The lady who treated me in the Urology department, when I first
met her she was a Sister, after a few years when I was in her care
again, she was called a "Clinical Nurse Specialist" and was in my
mind better that the surgeons, many of whom were young and
just starting in that department to see if that is the branch they
want to stay with.

It is a bit like the Army, the Sergeant and above non-commissioned
ranks know a lot more than the Officers.

Mike.


----------



## timoc (Jul 15, 2021)

*I may be a 'quack' to you, but I need to give you this anaesthetic. 
*


----------



## flowerchild (Jul 15, 2021)

Remy said:


> When my tabby bit me and it got very infected, I went to the walk in clinic. I was seen by a FNP (family nurse practitioner) She gave me the right medications and the infection was looking better by 12 hours later.
> 
> My tabby didn't bite me on purpose, it was an attention bite and I don't think she realized she bit so hard.
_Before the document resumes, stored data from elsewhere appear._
lemma det_N_mat_sum:
  assumes "\<And>t j. hat_mp j (c t) = c t"
  shows "det (N_mat q (Suc N) m (\<Sum>t\<in>A. c t * h t))
    = (\<Sum>t\<in>A. c t * det (N_mat q (Suc N) m (h t :: 'a::comm_ring_1 mpol)))"
proof -
  let ?d = "det (L_mat q N)"
  have hat: "hat_mp j ((\<Sum>t\<in>A. c t * h t) * ?d) = (\<Sum>t\<in>A. c t * hat_mp j (h t * ?d))" for j
    using assms by (simp add: hat_mp_def subst_mp_sum subst_mp_mult sum_distrib_right mult.assoc)
  have "det (N_mat q (Suc N) m (\<Sum>t\<in>A. c t * h t))
      = (\<Sum>j<Suc N. \<Sum>t\<in>A. c t * ((-1) ^ (N + j) * Var j ^ q ^ m * hat_mp j (h t * ?d)))"
    unfolding det_N_mat_Suc hat sum_distrib_left by (simp add: mult_ac)
  also have "\<dots> = (\<Sum>t\<in>A. c t * det (N_mat q (Suc N) m (h t)))"
    unfolding det_N_mat_Suc sum_distrib_left by (rule sum.swap)
  finally show ?thesis .
qed

lemma det_moore_last_row_eq_det_N_mat:
  fixes B :: "'a::{field,finite} mpol mat"
  defines "q \<equiv> card (UNIV :: 'a set)"
  assumes B: "B \<in> carrier_mat (Suc N) (Suc N)"
    and top: "\<And>i j. i < N \<Longrightarrow> j < Suc N \<Longrightarrow> B $$ (i, j) = Var j ^ q ^ e i"
    and bottom: "\<And>j. j < Suc N \<Longrightarrow> B $$ (N, j) = Var j ^ q ^ m * hat_mp j h"
    and e: "\<And>i. i < N \<Longrightarrow> e i \<le> N"
  shows "\<exists>D. vars_mp D \<subseteq> {..<N} \<and> det B = det (N_mat q (Suc N) m (h * D))"
proof -
  obtain D where D: "vars_mp D \<subseteq> {..<N}" "det (moore_mat q N e :: 'a mpol mat) = D * det (L_mat q N)"
    using det_moore_mat_factor[where e = e and N = N, OF e] unfolding q_def by blast
  have "det B = (\<Sum>j<Suc N. (-1) ^ (N + j) * Var j ^ q ^ m * hat_mp j (h * det (moore_mat q N e)))"
    by (rule det_moore_last_row[OF B top bottom])
  also have "\<dots> = det (N_mat q (Suc N) m (h * D))"
    unfolding det_N_mat_Suc D(2) by (simp only: mult.assoc)
  finally have "det B = det (N_mat q (Suc N) m (h * D))" .
  with D(1) show ?thesis
    by blast
qed

lemma hat_mp_neg_one_power [simp]: "hat_mp j ((-1) ^ k :: 'a::comm_ring_1 mpol) = (-1) ^ k"
proof -
  interpret comm_ring_hom "hat_mp j :: 'a mpol \<Rightarrow> 'a mpol"
    by (rule comm_ring_hom_hat_mp)
  show ?thesis
    by (simp add: hom_power hom_uminus)
qed

lemma det_bordered_moore_minor:
  fixes A :: "'a::{field,finite} mpol mat"
  defines "q \<equiv> card (UNIV :: 'a set)"
  assumes A: "A \<in> carrier_mat (Suc (Suc N)) (Suc (Suc N))" and t: "t < Suc N"
    and top: "\<And>t j. t < Suc N \<Longrightarrow> j < Suc N \<Longrightarrow> A $$ (t, j) = Var j ^ q ^ t"
    and bottom: "\<And>j. j < Suc N \<Longrightarrow> A $$ (Suc N, j) = Var j ^ q ^ m * hat_mp j h"
  shows "\<exists>D. vars_mp D \<subseteq> {..<N} \<and>
    det (mat_delete A t (Suc N)) = det (N_mat q (Suc N) m (h * D))"
  unfolding q_def
proof (rule det_moore_last_row_eq_det_N_mat[where e = "\<lambda>i. if i < t then i else Suc i"])
  show "mat_delete A t (Suc N) \<in> carrier_mat (Suc N) (Suc N)"
    using A by (simp add: mat_delete_def)
  show "mat_delete A t (Suc N) $$ (i, j)
      = Var j ^ card (UNIV :: 'a set) ^ (if i < t then i else Suc i)"
    if "i < N" "j < Suc N" for i j
    using that t A by (auto simp: mat_delete_def top q_def)
  show "mat_delete A t (Suc N) $$ (N, j) = Var j ^ card (UNIV :: 'a set) ^ m * hat_mp j h"
    if "j < Suc N" for j
    using that t A by (auto simp: mat_delete_def bottom q_def)
qed (use t in auto)

lemma det_bordered_moore:
  fixes A :: "'a::{field,finite} mpol mat"
  defines "q \<equiv> card (UNIV :: 'a set)"
  assumes A: "A \<in> carrier_mat (Suc n) (Suc n)" and "0 < n"
    and top: "\<And>t j. t < n \<Longrightarrow> j < n \<Longrightarrow> A $$ (t, j) = Var j ^ q ^ t"
    and top_last: "\<And>t. t < n \<Longrightarrow> A $$ (t, n) = 1"
    and bottom: "\<And>j. j < n \<Longrightarrow> A $$ (n, j) = Var j ^ q ^ m * hat_mp j h"
    and corner: "A $$ (n, n) = f"
  shows "\<exists>g. vars_mp g \<subseteq> vars_mp h \<union> {..<n - 1} \<and>
    f * det (L_mat q n) = det A + det (N_mat q n m g)"
proof -
  obtain N where n: "n = Suc N"
    using \<open>0 < n\<close> by (cases n) auto
  have minor_corner: "mat_delete A n n = L_mat q n"
    using A by (intro eq_matI) (auto simp: mat_delete_def L_mat_def top)
  obtain D where D: "\<And>t. t < n \<Longrightarrow> vars_mp (D t) \<subseteq> {..<N}"
    "\<And>t. t < n \<Longrightarrow> det (mat_delete A t n) = det (N_mat q n m (h * D t))"
    using det_bordered_moore_minor[of A N _ m h, folded q_def] A top bottom
    unfolding n by metis
  define g where "g = (\<Sum>t<n. (-1) ^ (t + N) * (h * D t))"
  have "det A = (\<Sum>t<Suc n. A $$ (t, n) * cofactor A t n)"
    by (rule laplace_expansion_column[OF A]) simp
  also have "\<dots> = (\<Sum>t<n. (-1) ^ (t + n) * det (N_mat q n m (h * D t))) + f * det (L_mat q n)"
    by (simp add: top_last corner minor_corner cofactor_def D(2))
  also have "(\<Sum>t<n. (-1) ^ (t + n) * det (N_mat q n m (h * D t))) = - det (N_mat q n m g)"
    unfolding g_def n by (subst det_N_mat_sum) (simp_all add: sum_negf)
  finally have "f * det (L_mat q n) = det A + det (N_mat q n m g)"
    by simp
  moreover have "vars_mp g \<subseteq> vars_mp h \<union> {..<n - 1}"
    unfolding g_def using D(1) n
    by (intro vars_mp_sum_subset order.trans[OF vars_mp_mult] Un_least vars_mp_power_subset) force+
  ultimately show ?thesis
    by blast
qed

section \<open>Specialising a variable to one\<close>

definition one_at :: "nat \<Rightarrow> nat \<Rightarrow> 'a::comm_semiring_1 mpol" where
  "one_at k v = (if v < k then Var v else if v = k then 1 else Var (v - 1))"

lemma subst_one_at_hat_mp:
  assumes "j \<le> k"
  shows "subst_mp (one_at (Suc k)) (hat_mp j f) = hat_mp j (subst_mp (one_at k) f)"
  unfolding hat_mp_def subst_mp_subst_mp
  by (intro arg_cong[where f = "\<lambda>s. subst_mp s f"] ext) (use assms in \<open>auto simp: one_at_def\<close>)

lemma subst_one_at_hat_mp_self: "subst_mp (one_at k) (hat_mp k f) = f"
proof -
  have "(\<lambda>v. one_at k (if v < k then v else Suc v)) = Var"
    by (auto simp: one_at_def)
  then show ?thesis
    unfolding hat_mp_def subst_mp_subst_mp subst_mp_Var by (metis subst_mp_Var_id)
qed

lemma vars_mp_subst_one_at:
  assumes "vars_mp f \<subseteq> {..<r}" "k < r"
  shows "vars_mp (subst_mp (one_at k) f) \<subseteq> {..<r - 1}"
proof -
  have "vars_mp (one_at k v :: 'a mpol) \<subseteq> {..<r - 1}" if "v < r" for v
    using that assms(2) by (auto simp: one_at_def)
  with assms(1) have "(\<Union>v\<in>vars_mp f. vars_mp (one_at k v :: 'a mpol)) \<subseteq> {..<r - 1}"
    by blast
  then show ?thesis
    by (rule order.trans[OF vars_mp_subst_mp])
qed
lemma gdist_le_length:
  assumes "walk V E p" "hd p = k" "last p = l"
  shows "gdist V E k l \<le> length p - 1"
  unfolding gdist_def
proof (rule Least_le)
  have "length p = Suc (length p - 1)" using assms(1) unfolding walk_def by simp
  then show "\<exists>q. walk V E q \<and> hd q = k \<and> last q = l \<and> length q = Suc (length p - 1)"
    using assms by blast
qed

lemma shortest_paths_nonempty:
  assumes "walk V E p" "hd p = k" "last p = l"
  shows "shortest_paths V E k l \<noteq> {}"
proof -
  have "length p = Suc (length p - 1)" using assms(1) unfolding walk_def by simp
  then have "\<exists>m q. walk V E q \<and> hd q = k \<and> last q = l \<and> length q = Suc m"
    using assms by blast
  then have "\<exists>q. walk V E q \<and> hd q = k \<and> last q = l \<and> length q = Suc (gdist V E k l)"
    unfolding gdist_def by (rule LeastI_ex)
  then show ?thesis unfolding shortest_paths_def by blast
qed

lemma finite_shortest_paths:
  assumes "finite V"
  shows "finite (shortest_paths V E k l)"
proof (rule finite_subset)
  show "shortest_paths V E k l \<subseteq> {xs. set xs \<subseteq> V \<and> length xs = Suc (gdist V E k l)}"
    unfolding shortest_paths_def walk_def by auto
qed (rule finite_lists_length_eq[OF assms])

lemma shortest_paths_distinct:
  assumes p: "p \<in> shortest_paths V E k l"
  shows "distinct p"
proof (rule ccontr)
  assume "\<not> distinct p"
  then obtain i j where ij: "i < j" "j < length p" "p ! i = p ! j"
    unfolding distinct_conv_nth by (metis linorder_neqE_nat)
  from p have w: "walk V E p" and "hd p = k" "last p = l"
    and len: "length p = Suc (gdist V E k l)"
    unfolding shortest_paths_def by auto
  let ?q = "take i p @ drop j p"
  have "hd ?q = k"
  proof (cases "i = 0")
    case True
    then show ?thesis using ij \<open>hd p = k\<close> w by (simp add: hd_drop_conv_nth hd_conv_nth walk_def)
  next
    case False
    moreover have "p \<noteq> []" using ij by auto
    ultimately show ?thesis using ij \<open>hd p = k\<close> by (simp add: hd_append hd_take)
  qed
  moreover have "last ?q = l" using ij \<open>last p = l\<close> by simp
  ultimately have "gdist V E k l \<le> length ?q - 1"
    using gdist_le_length[OF walk_shortcut[OF w ij]] by blast
  then show False using len ij by simp
qed

lemma gdist_ge_1:
  assumes "walk V E p" "hd p = k" "last p = l" "k \<noteq> l"
  shows "1 \<le> gdist V E k l"
proof (rule ccontr)
  obtain q where "q \<in> shortest_paths V E k l" using shortest_paths_nonempty[OF assms(1-3)] by blast
  then have q: "hd q = k" "last q = l" "length q = Suc (gdist V E k l)"
    unfolding shortest_paths_def by auto
  assume "\<not> 1 \<le> gdist V E k l"
  then have "length q = 1" using q(3) by simp
  then obtain a where "q = [a]" by (metis One_nat_def length_0_conv length_Suc_conv)
  then show False using q assms(4) by simp
qed

lemma gdist_ge_2:
  assumes "walk V E p" "hd p = k" "last p = l" "k \<noteq> l" "\<not> E k l"
  shows "2 \<le> gdist V E k l"
proof (rule ccontr)
  obtain q where "q \<in> shortest_paths V E k l" using shortest_paths_nonempty[OF assms(1-3)] by blast
  then have q: "walk V E q" "hd q = k" "last q = l" "length q = Suc (gdist V E k l)"
    unfolding shortest_paths_def by auto
  assume "\<not> 2 \<le> gdist V E k l"
  with gdist_ge_1[OF assms(1-4)] have "length q = 2" using q(4) by simp
  then obtain a b where "q = [a, b]" by (metis One_nat_def Suc_1 length_0_conv length_Suc_conv)
  then show False using q assms(5) unfolding walk_def by auto
qed

lemma walk_edge: "simple_graph V E \<Longrightarrow> E k l \<Longrightarrow> walk V E [k, l]"
  unfolding simple_graph_def walk_def by (auto simp: less_Suc_eq)

lemma gdist_edge:
  assumes g: "simple_graph V E" and e: "E k l"
  shows "gdist V E k l = 1"
proof -
  have "k \<noteq> l" using g e unfolding simple_graph_def by auto
  then have "1 \<le> gdist V E k l" by (intro gdist_ge_1[OF walk_edge[OF g e]]) simp_all
  moreover have "gdist V E k l \<le> 1" using gdist_le_length[OF walk_edge[OF g e]] by simp
  ultimately show ?thesis by simp
qed

lemma shortest_paths_edge:
  assumes g: "simple_graph V E" and e: "E k l"
  shows "shortest_paths V E k l = {[k, l]}"
proof
  show "shortest_paths V E k l \<subseteq> {[k, l]}"
  proof
    fix p assume "p \<in> shortest_paths V E k l"
    then have "hd p = k" "last p = l" "length p = 2"
      unfolding shortest_paths_def using gdist_edge[OF g e] by auto
    then show "p \<in> {[k, l]}" by (cases p; cases "tl p") (auto simp: length_Suc_conv)
  qed
  show "{[k, l]} \<subseteq> shortest_paths V E k l"
    unfolding shortest_paths_def using walk_edge[OF g e] gdist_edge[OF g e] by simp
qed

lemma uses_edge_in_set: "uses_edge p u v \<Longrightarrow> u \<in> set p \<and> v \<in> set p"
  unfolding uses_edge_def by (metis Suc_lessD doubleton_eq_iff nth_mem)

lemma uses_edge_nth:
  assumes d: "distinct p" and i: "i < length p" and "uses_edge p (p ! i) v"
  shows "(0 < i \<and> v = p ! (i - 1)) \<or> (Suc i < length p \<and> v = p ! Suc i)"
proof -
  obtain j where j: "Suc j < length p" "{p ! j, p ! Suc j} = {p ! i, v}"
    using assms(3) unfolding uses_edge_def by blast
  then consider "p ! j = p ! i" "p ! Suc j = v" | "p ! Suc j = p ! i" "p ! j = v"
    by (metis doubleton_eq_iff)
  then show ?thesis
  proof cases
    case 1
    then have "j = i" using d i j by (simp add: nth_eq_iff_index_eq)
    then show ?thesis using 1 j by auto
  next
    case 2
    then have "Suc j = i" using d i j by (simp add: nth_eq_iff_index_eq)
    then show ?thesis using 2 j by auto
  qed
qed

lemma card_uses_edge_le_2:
  assumes "distinct p"
  shows "card {v. uses_edge p u v} \<le> 2"
proof (cases "u \<in> set p")
  case True
  then obtain i where i: "i < length p" "u = p ! i" by (metis in_set_conv_nth)
  have "card {v. uses_edge p u v} \<le> card {p ! (i - 1), p ! Suc i}"
    by (rule card_mono) (use uses_edge_nth[OF assms i(1)] i(2) in auto)
  also have "\<dots> \<le> 2" by (simp add: card_insert_if)
  finally show ?thesis .
next
  case False
  then have "{v. uses_edge p u v} = {}" by (auto dest: uses_edge_in_set)
  then show ?thesis by simp
qed
lemma lattice_dist_facet:
  assumes i: "i \<le> CARD('n)"
  shows "lattice_dist \<Delta> (facet i) y = height i * coord i y" and "height i > 0"
proof -
  obtain c b where ineq: "facet_ineq \<Delta> (facet i) c b" using facet_ineq_exists[OF i] by blast
  obtain \<alpha> where \<alpha>: "\<alpha> > 0" "c = \<alpha> *\<^sub>R w i" "b = - \<alpha> * \<beta> i"
    using facet_ineq_eq_scaled_coord[OF i ineq] by blast
  have unique: "c' = c \<and> b' = b" if ineq': "facet_ineq \<Delta> (facet i) c' b'" for c' b'
  proof -
    obtain \<alpha>' where \<alpha>': "\<alpha>' > 0" "c' = \<alpha>' *\<^sub>R w i" "b' = - \<alpha>' * \<beta> i"
      using facet_ineq_eq_scaled_coord[OF i ineq'] by blast
    have "c' = (\<alpha>' / \<alpha>) *\<^sub>R c" using \<alpha> \<alpha>' by simp
    then have "\<alpha>' / \<alpha> = 1"
      using primitive_int_vec_scaleR_eq_1[of c "\<alpha>' / \<alpha>"] ineq ineq' \<alpha> \<alpha>'
      by (simp add: facet_ineq_def)
    then show ?thesis using \<alpha> \<alpha>' by simp
  qed
  have dist: "lattice_dist \<Delta> (facet i) y = \<alpha> * coord i y" for y
    using lattice_dist_eqI[OF ineq unique] \<alpha> by (simp add: coord_def algebra_simps)
  show "height i > 0" unfolding height_def dist using \<alpha> coord_vertex[OF i i] by simp
  show "lattice_dist \<Delta> (facet i) y = height i * coord i y"
    unfolding height_def dist using coord_vertex[OF i i] by simp
qed

lemma dP_simplex: "dP \<Delta> y = Min ((\<lambda>i. height i * coord i y) ` {..CARD('n)})"
proof -
  have "(\<lambda>F. lattice_dist \<Delta> F y) ` {F. F facet_of \<Delta>} = (\<lambda>i. height i * coord i y) ` {..CARD('n)}"
    unfolding facets_simplex image_image by (intro image_cong) (simp_all add: lattice_dist_facet)
  then show ?thesis by (simp add: dP_def cInf_eq_Min)
qed

lemma mem_layer_simplex_iff: "y \<in> layer \<Delta> s \<longleftrightarrow> (\<forall>i\<le>CARD('n). s \<le> height i * coord i y)"
  by (auto simp: layer_def dP_simplex)

abbreviation \<sigma> :: real where
  "\<sigma> \<equiv> \<Sum>i\<le>CARD('n). 1 / height i"

lemma \<sigma>_pos: "\<sigma> > 0"
  by (intro sum_pos) (simp_all add: lattice_dist_facet)

definition centre :: "real^'n" where
  "centre = (\<Sum>i\<le>CARD('n). (1 / (height i * \<sigma>)) *\<^sub>R v i)"

lemma height_coord_centre:
  assumes i: "i \<le> CARD('n)"
  shows "height i * coord i centre = 1 / \<sigma>"
proof -
  have "(\<Sum>i\<le>CARD('n). 1 / (height i * \<sigma>)) = \<sigma> / \<sigma>"
    by (simp only: sum_divide_distrib divide_divide_eq_left)
  then have "(\<Sum>i\<le>CARD('n). 1 / (height i * \<sigma>)) = 1"
    using \<sigma>_pos by simp
  then have "coord i centre = 1 / (height i * \<sigma>)"
    unfolding centre_def using coord_affine_combination[OF order_refl _ i] i by simp
  then show ?thesis using lattice_dist_facet(2)[OF i] by simp
qed

lemma layer_simplex_empty:
  assumes "1 / \<sigma> < s"
  shows "layer \<Delta> s = {}"
proof (rule ccontr)
  assume "layer \<Delta> s \<noteq> {}"
  then obtain y where y: "y \<in> layer \<Delta> s" by blast
  have "s * (1 / height i) \<le> coord i y" if i: "i \<le> CARD('n)" for i
    using y i lattice_dist_facet(2)[OF i]
    by (simp add: mem_layer_simplex_iff divide_le_eq mult.commute)
  then have "s * \<sigma> \<le> 1"
    using sum_mono[of "{..CARD('n)}" "\<lambda>i. s * (1 / height i)" "\<lambda>i. coord i y"]
    by (simp add: sum_coord sum_distrib_left)
  then show False using assms \<sigma>_pos by (simp add: divide_less_eq mult.commute)
qed

lemma layer_simplex_homothetic:
  assumes s: "0 < s" "s < 1 / \<sigma>"
  defines "t \<equiv> 1 - s * \<sigma>"
  shows "t > 0" and "layer \<Delta> s = (\<lambda>x. (1 - t) *\<^sub>R centre + t *\<^sub>R x) ` \<Delta>"
proof -
  show t: "t > 0" using s \<sigma>_pos by (simp add: t_def field_simps)
  have "s \<le> height i * coord i ((1 - t) *\<^sub>R centre + t *\<^sub>R x) \<longleftrightarrow> 0 \<le> coord i x"
    if i: "i \<le> CARD('n)" for i x
  proof -
    have "height i * coord i ((1 - t) *\<^sub>R centre + t *\<^sub>R x)
        = (1 - t) * (height i * coord i centre) + t * (height i * coord i x)"
      unfolding coord_affine by (simp add: algebra_simps)
    also have "\<dots> = s + (t * height i) * coord i x"
      using height_coord_centre[OF i] \<sigma>_pos by (simp add: t_def field_simps)
    finally show ?thesis
      using t lattice_dist_facet(2)[OF i] mult_le_cancel_left_pos[of "t * height i" 0 "coord i x"]
      by simp
  qed
  then have mem: "(1 - t) *\<^sub>R centre + t *\<^sub>R x \<in> layer \<Delta> s \<longleftrightarrow> x \<in> \<Delta>" for x
    unfolding mem_layer_simplex_iff by (simp add: simplex_eq)
  show "layer \<Delta> s = (\<lambda>x. (1 - t) *\<^sub>R centre + t *\<^sub>R x) ` \<Delta>"
  proof (intro equalityI subsetI)
    fix y assume y: "y \<in> layer \<Delta> s"
    define x where "x = (1 / t) *\<^sub>R (y - (1 - t) *\<^sub>R centre)"
    have "y = (1 - t) *\<^sub>R centre + t *\<^sub>R x" using t by (simp add: x_def)
    then show "y \<in> (\<lambda>x. (1 - t) *\<^sub>R centre + t *\<^sub>R x) ` \<Delta>" using y mem[of x] by blast
  qed (use mem in auto)
qed

lemma mu_simplex: "mu \<Delta> = \<sigma>"
proof -
  have "mu \<Delta> = inverse (1 / \<sigma>)"
  proof (rule mu_eq_inverse)
    have "centre \<in> layer \<Delta> (1 / \<sigma>)"
      by (simp add: mem_layer_simplex_iff height_coord_centre)
    then show "layer \<Delta> (1 / \<sigma>) \<noteq> {}" by blast
  qed (use \<sigma>_pos layer_simplex_empty in auto)
  then show ?thesis by simp
qed

lemma tau_simplex: "tau \<Delta> = \<sigma>"
proof -
  have "tau \<Delta> = inverse (1 / \<sigma>)"
  proof (rule tau_eq_inverse)
    fix s assume "0 < s" "s < 1 / \<sigma>"
    then show "\<exists>a t. t > 0 \<and> layer \<Delta> s = (\<lambda>x. a + t *\<^sub>R x) ` \<Delta>"
      using layer_simplex_homothetic by blast
  qed (use \<sigma>_pos layer_simplex_empty in auto)
  then show ?thesis by simp
qed

end

theorem proposition3p9:
  fixes v :: "nat \<Rightarrow> real^'n" and P :: "(real^'n) set"
  assumes rat: "\<forall>i\<le>CARD('n). \<forall>j. v i $ j \<in> \<rat>"
    and inj: "inj_on v {..CARD('n)}"
    and indep: "\<not> affine_dependent (v ` {..CARD('n)})"
    and P_def: "P = convex hull (v ` {..CARD('n)})"
  shows "tau P = (\<Sum>i\<le>CARD('n). 1 / lattice_dist P (convex hull (v ` ({..CARD('n)} - {i}))) (v i))
       \<and> mu P = (\<Sum>i\<le>CARD('n). 1 / lattice_dist P (convex hull (v ` ({..CARD('n)} - {i}))) (v i))"
proof -
  obtain w \<beta> where "barycentric_simplex v w \<beta>"
    using rational_simplex_barycentric[OF rat inj indep] .
  then interpret barycentric_simplex v w \<beta> .
  show ?thesis
    using tau_simplex mu_simplex by (simp add: P_def height_def)
qed

end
I a lot of times see the nurse practitioner. My pain doctor, an anesthesiologist, got very busy in his surgery center. The nurse practitioner takes much of his follow up office visits. When I see my Internist I see the Internist unless it's an emergency then they put me in with the practitioner.


----------



## Lewkat (Jul 15, 2021)

They and Nurse Practitioners relieve a lot of the burden of M.D.s   Takes a lot of schooling and in my opinion would have been just as easy to go to med school.


----------



## Tom 86 (Jul 15, 2021)

"PA-C" which means Physicians Assistant-Certified  I have several of them.  I prefer them instead of regular MD or specialist.  I had a Reconstructive Dr. putting shots in my knee every 3 months.  I went to see him on July 2nd.  I have severe pain in the upper leg close to the hip.  He came in & said it's only a pulled muscle you need to walk more & walked out the door??    Well, It kept getting worse.  I called to get back into him as I could hardly walk.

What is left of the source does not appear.